Number of reactors: 15 reactors

Installed capacity (2016): 8.9 GW (15 reactors at 8 sites) Electricity generation: 70.3 TWh, +11.6% since 2007

Share of nuclear: 10.4% of TPES, 15.3% of domestic energy production, 21.0% of electricity generation

Overview

As a high-technology, low-carbon option for electricity generation, nuclear energy plays a significant role in both key aspects of the Clean Growth Strategy (UK Government, 2017a) of the government, to reduce greenhouse gas (GHG) emissions and enhance industrial productivity. The United Kingdom’s Nuclear Sector Deal (UK Government, 2018a) states rebuilding a national nuclear supply chain as an explicit objective of the current government. The UK energy sector also operates under a legally binding target to reduce GHG emissions from 1990 levels by at least 80% in 2050. The fifth carbon budget set in 2016 thus requires a reduction of 57% to be reached over the period 202832.

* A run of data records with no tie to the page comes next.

lemma secant_excess_sum_nonneg_spread:
  fixes K :: nat and f :: "'a \<Rightarrow> real"
  assumes K: "K \<ge> 1" and "finite A" and nonneg: "\<And>i. i \<in> A \<Longrightarrow> 0 \<le> f i"
    and total: "sum f A = 1"
    and spread: "\<And>i j. i \<in> A \<Longrightarrow> j \<in> A \<Longrightarrow> i \<noteq> j \<Longrightarrow> 1 / secant_slope K < f i + f j"
  shows "0 \<le> (\<Sum>i\<in>A. secant_excess K (f i))"
proof -
  define s where "s = 1 / (2 * secant_slope K)"
  define S where "S = {i \<in> A. s < f i}"
  have s_pos: "0 < s" unfolding s_def using secant_slope_pos[of K] K by simp
  have small: "f i \<le> s" if "i \<in> A - S" for i
    using that by (auto simp: S_def)
  have "i = j" if "i \<in> A - S" "j \<in> A - S" for i j
    using spread[of i j] small[OF that(1)] small[OF that(2)] that unfolding s_def by force
  then consider "A - S = {}" | t where "A - S = {t}" by blast
  then have "0 \<le> sum f (A - S) \<and> sum f (A - S) \<le> s
    \<and> (\<Sum>i\<in>A - S. secant_excess K (f i)) = secant_excess K (sum f (A - S))"
  proof cases
    case 1
    then show ?thesis unfolding 1 using s_pos by simp
  next
    case (2 t)
    then have "t \<in> A" and "f t \<le> s" using small by auto
    then show ?thesis using 2 nonneg by simp
  qed
  moreover have split: "sum g A = sum g S + sum g (A - S)" for g :: "'a \<Rightarrow> real"
    using \<open>finite A\<close> by (simp add: S_def sum.subset_diff[of S A])
  moreover have "0 \<le> (\<Sum>i\<in>S. secant_excess K (f i)) + secant_excess K (sum f (A - S))"
    using calculation total \<open>finite A\<close>
    by (intro secant_excess_sum_nonneg_one_small[OF K]) (auto simp: S_def s_def)
  ultimately show ?thesis by simp
qed

lemma secant_excess_sum_nonneg:
  fixes K :: nat and f :: "'a \<Rightarrow> real"
  assumes K: "K \<ge> 1"
  shows "finite A \<Longrightarrow> (\<And>i. i \<in> A \<Longrightarrow> 0 \<le> f i) \<Longrightarrow> sum f A = 1
    \<Longrightarrow> 0 \<le> (\<Sum>i\<in>A. secant_excess K (f i))"
proof (induction "card A" arbitrary: A f rule: less_induct)
  case less
  show ?case
  proof (cases "\<exists>i\<in>A. \<exists>j\<in>A. i \<noteq> j \<and> f i + f j \<le> 1 / secant_slope K")
    case True
    then obtain i j where ij: "i \<in> A" "j \<in> A" "i \<noteq> j" "f i + f j \<le> 1 / secant_slope K"
      by blast
    have "0 \<le> (\<Sum>l\<in>A - {j}. secant_excess K ((f(i := f i + f j)) l))"
    proof (rule less.hyps)
      show "card (A - {j}) < card A" using less.prems(1) ij(2) by (rule card_Diff1_less)
      show "sum (f(i := f i + f j)) (A - {j}) = 1"
        using sum_comp_merge_pair[OF less.prems(1) ij(1-3), where f = f and g = "\<lambda>x. x"] less.prems by simp
    qed (use less.prems ij in auto)
    moreover have "secant_excess K (f i + f j) \<le> secant_excess K (f i) + secant_excess K (f j)"
      using K less.prems ij by (intro secant_excess_subadditive) auto
    ultimately show ?thesis
      using sum_comp_merge_pair[OF less.prems(1) ij(1-3), where f = f and g = "secant_excess K"] by simp
  next
    case False
    then have "1 / secant_slope K < f i + f j" if "i \<in> A" "j \<in> A" "i \<noteq> j" for i j
      using that by (auto simp: not_le)
    then show ?thesis
      using less.prems by (intro secant_excess_sum_nonneg_spread[OF K]) auto
  qed
qed

lemma shannon_mult_ln2: "shannon p * ln 2 = (\<Sum>i\<in>UNIV. - (p i * ln (p i)))"
proof -
  have "(if p i = 0 then 0 else p i * log 2 (p i)) = p i * ln (p i) / ln 2" for i
    by (simp add: log_def)
  then show ?thesis
    by (simp add: shannon_def sum_divide_distrib[symmetric] sum_negf)
qed

lemma shannon_ge_secant:
  fixes p :: "'n::finite \<Rightarrow> real" and K :: nat
  assumes nonneg: "\<And>i. 0 \<le> p i" and total: "(\<Sum>i\<in>UNIV. p i) = 1"
  shows "secant_offset K - secant_slope K * (\<Sum>i\<in>UNIV. (p i)\<^sup>2) \<le> shannon p * ln 2"
proof (cases "K = 0")
  case True
  have "p i \<le> 1" for i
    using member_le_sum[of i UNIV p] nonneg total by simp
  then have "0 \<le> - (p i * ln (p i))" for i
    using nonneg[of i] by (cases "p i = 0") (auto simp: mult_nonneg_nonpos)
  then have "0 \<le> shannon p * ln 2"
    unfolding shannon_mult_ln2 by (intro sum_nonneg)
  then show ?thesis
    using True by (simp add: secant_offset_def secant_slope_def)
next
  case False
  have "0 \<le> (\<Sum>i\<in>UNIV. secant_excess K (p i))"
    using False nonneg total by (intro secant_excess_sum_nonneg) auto
  also have "\<dots> = shannon p * ln 2 + secant_slope K * (\<Sum>i\<in>UNIV. (p i)\<^sup>2) - secant_offset K"
    using total
    by (simp add: secant_excess_expand shannon_mult_ln2 sum.distrib sum_subtractf sum_negf
        sum_distrib_left[symmetric] sum_distrib_right[symmetric])
  finally show ?thesis by simp
qed

lemma sum_shannon_ge_secant:
  fixes p :: "nat \<Rightarrow> 'n::finite \<Rightarrow> real" and K M :: nat
  assumes "\<And>m i. m < M \<Longrightarrow> 0 \<le> p m i" and "\<And>m. m < M \<Longrightarrow> (\<Sum>i\<in>UNIV. p m i) = 1"
    and "(\<Sum>m<M. \<Sum>i\<in>UNIV. (p m i)\<^sup>2) \<le> C"
  shows "M * secant_offset K - secant_slope K * C \<le> (\<Sum>m<M. shannon (p m)) * ln 2"
proof -
  have "0 \<le> secant_slope K"
    using secant_slope_pos[of K] by (cases "K = 0") (auto simp: secant_slope_def)
  then have "secant_slope K * (\<Sum>m<M. \<Sum>i\<in>UNIV. (p m i)\<^sup>2) \<le> secant_slope K * C"
    using assms(3) by (rule mult_left_mono[rotated])
  moreover have "(\<Sum>m<M. secant_offset K - secant_slope K * (\<Sum>i\<in>UNIV. (p m i)\<^sup>2))
      \<le> (\<Sum>m<M. shannon (p m) * ln 2)"
    using assms(1,2) by (intro sum_mono shannon_ge_secant) auto
  ultimately show ?thesis
    by (simp add: sum_subtractf sum_distrib_left sum_distrib_right)
qed

lemma secant_bound_mult_ln2:
  fixes k x C :: real
  shows "((x - k) * C * (k + 1) * log 2 (k + 1) + (1 - (x - k)) * C * k * log 2 k) * ln 2
    = x * C * secant_offset k - secant_slope k * C"
proof -
  have log_ln: "log 2 t * ln 2 = ln t" for t :: real
    by (simp add: log_def)
  have "((x - k) * C * (k + 1) * log 2 (k + 1) + (1 - (x - k)) * C * k * log 2 k) * ln 2
      = (x - k) * C * (k + 1) * (log 2 (k + 1) * ln 2) + (1 - (x - k)) * C * k * (log 2 k * ln 2)"
    by (simp add: algebra_simps)
  also have "\<dots> = x * C * secant_offset k - secant_slope k * C"
    unfolding log_ln by (simp add: secant_offset_def secant_slope_def algebra_simps)
  finally show ?thesis .
qed

lemma orthonormal_basis_completeness:
  fixes b :: "'n::finite \<Rightarrow> complex ^ 'n"
  assumes "orthonormal_basis b"
  shows "(\<Sum>i\<in>UNIV. b i $ l * cnj (b i $ j)) = (if l = j then 1 else 0)"
proof -
  define U :: "complex ^ 'n ^ 'n" where "U = (\<chi> j i. b i $ j)"
  define W :: "complex ^ 'n ^ 'n" where "W = (\<chi> i j. cnj (b i $ j))"
  have "W ** U = mat 1"
    using assms unfolding orthonormal_basis_def cinner_def
    by (simp add: U_def W_def matrix_matrix_mult_def mat_def vec_eq_iff)
  then have "U ** W = mat 1" using matrix_left_right_inverse by blast
  then have "(U ** W) $ l $ j = mat 1 $ l $ j" by simp
  then show ?thesis by (simp add: U_def W_def matrix_matrix_mult_def mat_def)
qed

lemma outcome_prob_nonneg: "density_op \<rho> \<Longrightarrow> 0 \<le> outcome_prob \<rho> b i"
  unfolding density_op_def outcome_prob_def by blast

lemma sum_outcome_prob:
  fixes \<rho> :: "complex ^ 'n ^ 'n" and b :: "'n \<Rightarrow> complex ^ 'n"
  assumes "density_op \<rho>" and "orthonormal_basis b"
  shows "(\<Sum>i\<in>UNIV. outcome_prob \<rho> b i) = 1"
proof -
  have "(\<Sum>i\<in>UNIV. cinner (b i) (\<rho> *v b i))
      = (\<Sum>i\<in>UNIV. \<Sum>j\<in>UNIV. \<Sum>l\<in>UNIV. \<rho> $ j $ l * (b i $ l * cnj (b i $ j)))"
    unfolding cinner_def matrix_vector_mult_def by (simp add: sum_distrib_left mult_ac)
  also have "\<dots> = (\<Sum>j\<in>UNIV. \<Sum>l\<in>UNIV. \<rho> $ j $ l * (\<Sum>i\<in>UNIV. b i $ l * cnj (b i $ j)))"
    by (simp add: sum_distrib_left) (subst sum.swap, rule sum.cong, simp, subst sum.swap, simp)
  also have "\<dots> = (\<Sum>j\<in>UNIV. \<rho> $ j $ j)"
    by (simp add: orthonormal_basis_completeness[OF assms(2)] if_distrib cong: if_cong)
  also have "\<dots> = 1" using assms(1) unfolding density_op_def by blast
  finally show ?thesis
    unfolding outcome_prob_def by (metis Re_sum one_complex.sel)
qed

theorem theorem2:
  fixes \<rho> :: "complex ^ 'n ^ 'n"
    and B :: "nat \<Rightarrow> 'n \<Rightarrow> complex ^ 'n"
    and M :: nat and C :: real
  assumes "CARD('n) \<ge> 2"
    and "density_op \<rho>"
    and "mutually_unbiased M B"
    and "C > 0"
    and "(\<Sum>m<M. \<Sum>i\<in>UNIV. (outcome_prob \<rho> (B m) i)\<^sup>2) \<le> C"
  shows "(let K = real_of_int \<lfloor>real M / C\<rfloor>; a = real M / C - K
          in a * C * (K + 1) * log 2 (K + 1) + (1 - a) * C * K * log 2 K)
         \<le> (\<Sum>m<M. shannon (outcome_prob \<rho> (B m)))"
proof -
  define K where "K = nat \<lfloor>real M / C\<rfloor>"
  have K: "real_of_int \<lfloor>real M / C\<rfloor> = real K"
    unfolding K_def using assms(4) by simp
  have onb: "orthonormal_basis (B m)" if "m < M" for m
    using assms(3) that unfolding mutually_unbiased_def by blast
  have "(let K = real_of_int \<lfloor>real M / C\<rfloor>; a = real M / C - K
          in a * C * (K + 1) * log 2 (K + 1) + (1 - a) * C * K * log 2 K) * ln 2
      = M * secant_offset K - secant_slope K * C"
    using secant_bound_mult_ln2[of "real M / C" K C] assms(4) by (simp add: K Let_def)
  also have "\<dots> \<le> (\<Sum>m<M. shannon (outcome_prob \<rho> (B m))) * ln 2"
    using assms(2,5) onb by (intro sum_shannon_ge_secant outcome_prob_nonneg sum_outcome_prob)
  finally show ?thesis by simp
qed

end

As part of the United Kingdom’s low carbon strategy, the 70 terawatt hours (TWh) of nuclear energy produced in 2017 accounted for 21% of the total electricity generation. This ranks the United Kingdom’s share of nuclear power as the 11th highest among the Organisation for Economic and Co-operative Development (OECD) member countries. The share of nuclear power production increased steadily until the late 1990s. At its peak in 1998, nuclear power production had reached 99 TWh, which represented 27% of the total electricity generation. Subsequently, production declined to a low point of 50 TWh in 2008. Since then the trend reversed somewhat following the takeover of British Energy by the French utility Électricité de France (EDF) that same year. Today, all UK reactors are operated by the latter’s UK subsidiary EDF Energy.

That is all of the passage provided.